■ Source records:
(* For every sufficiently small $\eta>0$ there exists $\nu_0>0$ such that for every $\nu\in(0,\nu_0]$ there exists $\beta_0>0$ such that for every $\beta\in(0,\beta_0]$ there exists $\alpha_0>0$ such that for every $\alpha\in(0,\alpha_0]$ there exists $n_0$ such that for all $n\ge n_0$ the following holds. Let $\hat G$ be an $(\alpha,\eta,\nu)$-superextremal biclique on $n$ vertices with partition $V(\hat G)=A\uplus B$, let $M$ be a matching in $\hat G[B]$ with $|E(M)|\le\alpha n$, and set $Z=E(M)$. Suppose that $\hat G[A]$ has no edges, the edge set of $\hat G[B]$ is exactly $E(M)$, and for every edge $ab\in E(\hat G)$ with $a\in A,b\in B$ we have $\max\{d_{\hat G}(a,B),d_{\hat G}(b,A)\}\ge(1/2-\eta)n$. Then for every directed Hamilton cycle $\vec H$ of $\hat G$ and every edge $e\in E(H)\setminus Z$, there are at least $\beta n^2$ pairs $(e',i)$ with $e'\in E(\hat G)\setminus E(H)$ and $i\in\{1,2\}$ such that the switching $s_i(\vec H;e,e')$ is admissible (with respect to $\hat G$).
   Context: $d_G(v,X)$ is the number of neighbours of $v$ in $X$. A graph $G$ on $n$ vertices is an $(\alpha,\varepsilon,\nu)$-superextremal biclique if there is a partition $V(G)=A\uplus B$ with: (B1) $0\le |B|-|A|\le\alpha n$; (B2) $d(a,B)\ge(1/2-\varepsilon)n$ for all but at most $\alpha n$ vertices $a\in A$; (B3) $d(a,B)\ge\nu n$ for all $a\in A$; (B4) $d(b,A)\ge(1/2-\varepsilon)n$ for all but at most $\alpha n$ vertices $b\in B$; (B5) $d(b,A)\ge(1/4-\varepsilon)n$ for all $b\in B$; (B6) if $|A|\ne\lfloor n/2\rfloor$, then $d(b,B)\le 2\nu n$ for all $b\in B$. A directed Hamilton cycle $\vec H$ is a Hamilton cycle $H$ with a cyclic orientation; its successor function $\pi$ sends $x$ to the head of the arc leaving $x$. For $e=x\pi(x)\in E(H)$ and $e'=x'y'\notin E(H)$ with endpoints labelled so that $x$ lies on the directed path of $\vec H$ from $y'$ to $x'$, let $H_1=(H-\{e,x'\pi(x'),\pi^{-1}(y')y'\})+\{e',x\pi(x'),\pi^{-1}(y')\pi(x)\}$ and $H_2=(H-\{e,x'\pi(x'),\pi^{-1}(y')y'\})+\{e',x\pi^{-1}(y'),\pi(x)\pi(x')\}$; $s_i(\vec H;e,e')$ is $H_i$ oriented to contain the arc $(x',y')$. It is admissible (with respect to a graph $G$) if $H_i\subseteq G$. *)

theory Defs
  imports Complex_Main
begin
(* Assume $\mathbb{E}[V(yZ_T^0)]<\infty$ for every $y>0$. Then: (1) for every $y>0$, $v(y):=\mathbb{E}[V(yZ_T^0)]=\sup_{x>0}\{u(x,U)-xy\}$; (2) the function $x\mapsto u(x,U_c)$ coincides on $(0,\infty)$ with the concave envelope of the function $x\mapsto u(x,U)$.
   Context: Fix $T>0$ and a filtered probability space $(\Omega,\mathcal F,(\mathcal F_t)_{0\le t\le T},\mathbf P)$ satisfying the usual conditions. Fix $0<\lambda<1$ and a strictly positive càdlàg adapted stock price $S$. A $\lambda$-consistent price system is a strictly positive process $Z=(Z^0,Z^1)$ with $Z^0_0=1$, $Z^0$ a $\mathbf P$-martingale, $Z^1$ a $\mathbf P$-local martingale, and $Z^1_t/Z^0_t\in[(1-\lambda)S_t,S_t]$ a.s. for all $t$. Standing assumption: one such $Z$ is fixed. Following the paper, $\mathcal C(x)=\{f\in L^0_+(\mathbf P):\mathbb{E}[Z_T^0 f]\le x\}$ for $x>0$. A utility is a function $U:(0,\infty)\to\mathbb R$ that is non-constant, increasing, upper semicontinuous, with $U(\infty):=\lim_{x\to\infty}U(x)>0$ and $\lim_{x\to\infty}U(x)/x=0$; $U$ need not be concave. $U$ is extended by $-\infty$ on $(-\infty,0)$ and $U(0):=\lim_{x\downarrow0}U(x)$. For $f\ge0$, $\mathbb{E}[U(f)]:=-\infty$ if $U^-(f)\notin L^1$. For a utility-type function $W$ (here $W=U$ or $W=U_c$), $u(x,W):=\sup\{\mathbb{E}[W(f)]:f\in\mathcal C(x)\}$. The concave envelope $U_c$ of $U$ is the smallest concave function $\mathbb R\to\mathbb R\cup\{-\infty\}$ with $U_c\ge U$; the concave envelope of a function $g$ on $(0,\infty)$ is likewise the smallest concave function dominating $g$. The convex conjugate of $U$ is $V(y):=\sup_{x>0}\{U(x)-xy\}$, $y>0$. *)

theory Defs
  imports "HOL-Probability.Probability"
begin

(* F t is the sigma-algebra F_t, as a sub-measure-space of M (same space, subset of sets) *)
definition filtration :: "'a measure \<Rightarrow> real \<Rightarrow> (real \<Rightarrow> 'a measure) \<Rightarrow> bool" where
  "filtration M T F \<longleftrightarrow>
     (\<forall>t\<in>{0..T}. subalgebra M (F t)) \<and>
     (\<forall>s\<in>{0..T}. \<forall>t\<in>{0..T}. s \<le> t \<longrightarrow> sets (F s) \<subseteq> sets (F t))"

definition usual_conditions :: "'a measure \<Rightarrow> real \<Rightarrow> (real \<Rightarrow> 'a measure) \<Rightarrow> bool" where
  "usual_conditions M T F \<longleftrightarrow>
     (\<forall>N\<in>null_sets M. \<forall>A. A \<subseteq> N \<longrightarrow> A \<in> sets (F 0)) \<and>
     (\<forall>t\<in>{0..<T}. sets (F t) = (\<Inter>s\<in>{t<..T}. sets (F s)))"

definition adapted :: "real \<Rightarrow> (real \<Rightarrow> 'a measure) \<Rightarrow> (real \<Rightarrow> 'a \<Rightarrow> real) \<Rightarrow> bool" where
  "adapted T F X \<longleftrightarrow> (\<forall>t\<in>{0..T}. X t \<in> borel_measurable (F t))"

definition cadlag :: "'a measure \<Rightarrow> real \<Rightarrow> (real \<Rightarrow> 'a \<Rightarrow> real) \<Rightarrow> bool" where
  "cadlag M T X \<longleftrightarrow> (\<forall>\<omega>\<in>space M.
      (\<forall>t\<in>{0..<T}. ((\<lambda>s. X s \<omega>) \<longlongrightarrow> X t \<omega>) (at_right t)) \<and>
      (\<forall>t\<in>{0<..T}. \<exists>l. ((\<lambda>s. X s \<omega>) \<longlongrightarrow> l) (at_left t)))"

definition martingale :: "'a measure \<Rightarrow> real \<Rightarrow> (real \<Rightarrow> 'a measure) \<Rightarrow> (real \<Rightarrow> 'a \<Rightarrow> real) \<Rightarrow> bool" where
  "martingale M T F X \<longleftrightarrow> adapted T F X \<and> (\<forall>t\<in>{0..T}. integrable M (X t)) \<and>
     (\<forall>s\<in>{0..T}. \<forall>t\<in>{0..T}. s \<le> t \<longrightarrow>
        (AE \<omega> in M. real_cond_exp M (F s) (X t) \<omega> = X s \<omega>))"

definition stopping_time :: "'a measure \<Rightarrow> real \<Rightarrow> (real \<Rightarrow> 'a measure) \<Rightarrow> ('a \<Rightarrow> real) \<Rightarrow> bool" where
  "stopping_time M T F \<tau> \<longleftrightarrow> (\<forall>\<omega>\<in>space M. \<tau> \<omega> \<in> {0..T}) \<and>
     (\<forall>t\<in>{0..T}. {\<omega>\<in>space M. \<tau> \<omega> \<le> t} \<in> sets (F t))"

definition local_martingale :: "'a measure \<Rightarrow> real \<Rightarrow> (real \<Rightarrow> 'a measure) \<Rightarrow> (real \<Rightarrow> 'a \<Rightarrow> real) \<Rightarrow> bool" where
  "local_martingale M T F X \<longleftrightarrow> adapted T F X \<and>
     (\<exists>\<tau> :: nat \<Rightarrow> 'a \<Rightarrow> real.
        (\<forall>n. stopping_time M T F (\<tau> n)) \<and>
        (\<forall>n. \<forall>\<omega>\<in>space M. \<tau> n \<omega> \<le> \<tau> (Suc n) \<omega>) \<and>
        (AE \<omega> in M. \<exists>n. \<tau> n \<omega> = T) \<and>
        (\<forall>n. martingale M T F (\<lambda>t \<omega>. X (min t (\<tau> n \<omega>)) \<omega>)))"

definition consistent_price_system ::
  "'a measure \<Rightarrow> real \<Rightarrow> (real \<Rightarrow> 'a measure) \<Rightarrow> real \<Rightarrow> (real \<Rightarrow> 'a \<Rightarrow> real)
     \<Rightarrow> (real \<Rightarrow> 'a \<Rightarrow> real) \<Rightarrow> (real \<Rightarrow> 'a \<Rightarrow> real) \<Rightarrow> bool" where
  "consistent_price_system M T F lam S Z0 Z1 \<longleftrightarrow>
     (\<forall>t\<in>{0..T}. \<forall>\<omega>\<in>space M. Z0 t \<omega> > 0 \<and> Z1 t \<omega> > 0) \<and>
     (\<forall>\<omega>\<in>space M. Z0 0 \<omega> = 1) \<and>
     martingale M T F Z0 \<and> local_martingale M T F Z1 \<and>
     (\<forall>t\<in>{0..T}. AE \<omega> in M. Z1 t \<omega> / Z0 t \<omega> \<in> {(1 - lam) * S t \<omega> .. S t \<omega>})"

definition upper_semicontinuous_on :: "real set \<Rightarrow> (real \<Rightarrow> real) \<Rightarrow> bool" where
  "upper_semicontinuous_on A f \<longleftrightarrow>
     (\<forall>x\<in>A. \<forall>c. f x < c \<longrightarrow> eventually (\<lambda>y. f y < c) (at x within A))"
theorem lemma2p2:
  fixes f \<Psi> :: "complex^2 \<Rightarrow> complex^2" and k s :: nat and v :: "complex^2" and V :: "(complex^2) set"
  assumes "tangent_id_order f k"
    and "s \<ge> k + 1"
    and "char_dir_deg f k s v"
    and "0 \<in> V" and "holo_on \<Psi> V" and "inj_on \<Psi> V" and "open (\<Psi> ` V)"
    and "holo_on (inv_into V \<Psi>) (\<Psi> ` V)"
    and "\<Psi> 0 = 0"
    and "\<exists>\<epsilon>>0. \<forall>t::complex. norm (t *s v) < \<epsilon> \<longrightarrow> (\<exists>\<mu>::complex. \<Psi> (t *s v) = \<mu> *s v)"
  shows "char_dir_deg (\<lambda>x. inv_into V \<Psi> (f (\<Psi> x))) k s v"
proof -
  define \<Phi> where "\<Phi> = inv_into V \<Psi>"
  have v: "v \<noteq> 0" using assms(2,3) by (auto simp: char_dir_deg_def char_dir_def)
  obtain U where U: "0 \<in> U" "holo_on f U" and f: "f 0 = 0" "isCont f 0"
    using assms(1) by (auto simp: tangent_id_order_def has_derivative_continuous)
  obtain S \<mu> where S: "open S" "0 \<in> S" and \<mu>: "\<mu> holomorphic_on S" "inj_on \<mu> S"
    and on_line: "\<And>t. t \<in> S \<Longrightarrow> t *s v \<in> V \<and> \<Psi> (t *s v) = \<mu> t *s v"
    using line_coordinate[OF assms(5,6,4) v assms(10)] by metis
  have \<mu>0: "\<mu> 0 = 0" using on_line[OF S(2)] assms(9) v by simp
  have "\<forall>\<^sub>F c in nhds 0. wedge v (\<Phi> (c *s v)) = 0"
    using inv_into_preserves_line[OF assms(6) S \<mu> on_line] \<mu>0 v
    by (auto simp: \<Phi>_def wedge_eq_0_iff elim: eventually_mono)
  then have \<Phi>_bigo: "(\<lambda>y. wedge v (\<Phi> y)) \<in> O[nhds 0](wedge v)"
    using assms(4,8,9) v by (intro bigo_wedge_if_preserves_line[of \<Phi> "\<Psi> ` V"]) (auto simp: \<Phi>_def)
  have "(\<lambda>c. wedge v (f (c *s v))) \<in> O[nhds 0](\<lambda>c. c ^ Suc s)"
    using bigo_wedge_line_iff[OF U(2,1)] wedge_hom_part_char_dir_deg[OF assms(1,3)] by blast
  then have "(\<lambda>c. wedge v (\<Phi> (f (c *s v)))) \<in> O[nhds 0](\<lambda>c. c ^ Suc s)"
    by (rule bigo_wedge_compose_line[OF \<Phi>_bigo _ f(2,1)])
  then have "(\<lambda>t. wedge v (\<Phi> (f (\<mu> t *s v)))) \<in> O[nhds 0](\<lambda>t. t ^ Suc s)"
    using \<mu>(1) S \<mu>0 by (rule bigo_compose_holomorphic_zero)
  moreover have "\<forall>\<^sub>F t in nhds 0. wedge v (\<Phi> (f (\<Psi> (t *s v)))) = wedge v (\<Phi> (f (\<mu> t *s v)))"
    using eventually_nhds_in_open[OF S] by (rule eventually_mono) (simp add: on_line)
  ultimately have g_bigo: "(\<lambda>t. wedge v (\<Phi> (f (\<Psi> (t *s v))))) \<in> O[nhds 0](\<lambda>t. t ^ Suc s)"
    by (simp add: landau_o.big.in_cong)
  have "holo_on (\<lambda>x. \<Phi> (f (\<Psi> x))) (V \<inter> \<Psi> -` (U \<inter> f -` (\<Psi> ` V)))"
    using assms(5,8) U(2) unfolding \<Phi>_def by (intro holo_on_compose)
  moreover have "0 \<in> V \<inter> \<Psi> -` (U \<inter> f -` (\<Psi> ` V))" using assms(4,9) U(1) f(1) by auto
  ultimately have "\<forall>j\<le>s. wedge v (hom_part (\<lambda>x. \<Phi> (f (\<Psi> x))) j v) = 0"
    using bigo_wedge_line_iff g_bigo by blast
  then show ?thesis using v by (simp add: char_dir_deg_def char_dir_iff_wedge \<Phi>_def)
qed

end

■ ASSIGNMENT: Your task is to write out, exactly, the line that holds "v))))) \<in> O[nhds" and every line after it until the records end.

■ WRITTEN RESPONSE:
  ultimately have g_bigo: "(\<lambda>t. wedge v (\<Phi> (f (\<Psi> (t *s v))))) \<in> O[nhds 0](\<lambda>t. t ^ Suc s)"
    by (simp add: landau_o.big.in_cong)
  have "holo_on (\<lambda>x. \<Phi> (f (\<Psi> x))) (V \<inter> \<Psi> -` (U \<inter> f -` (\<Psi> ` V)))"
    using assms(5,8) U(2) unfolding \<Phi>_def by (intro holo_on_compose)
  moreover have "0 \<in> V \<inter> \<Psi> -` (U \<inter> f -` (\<Psi> ` V))" using assms(4,9) U(1) f(1) by auto
  ultimately have "\<forall>j\<le>s. wedge v (hom_part (\<lambda>x. \<Phi> (f (\<Psi> x))) j v) = 0"
    using bigo_wedge_line_iff g_bigo by blast
  then show ?thesis using v by (simp add: char_dir_deg_def char_dir_iff_wedge \<Phi>_def)
qed

end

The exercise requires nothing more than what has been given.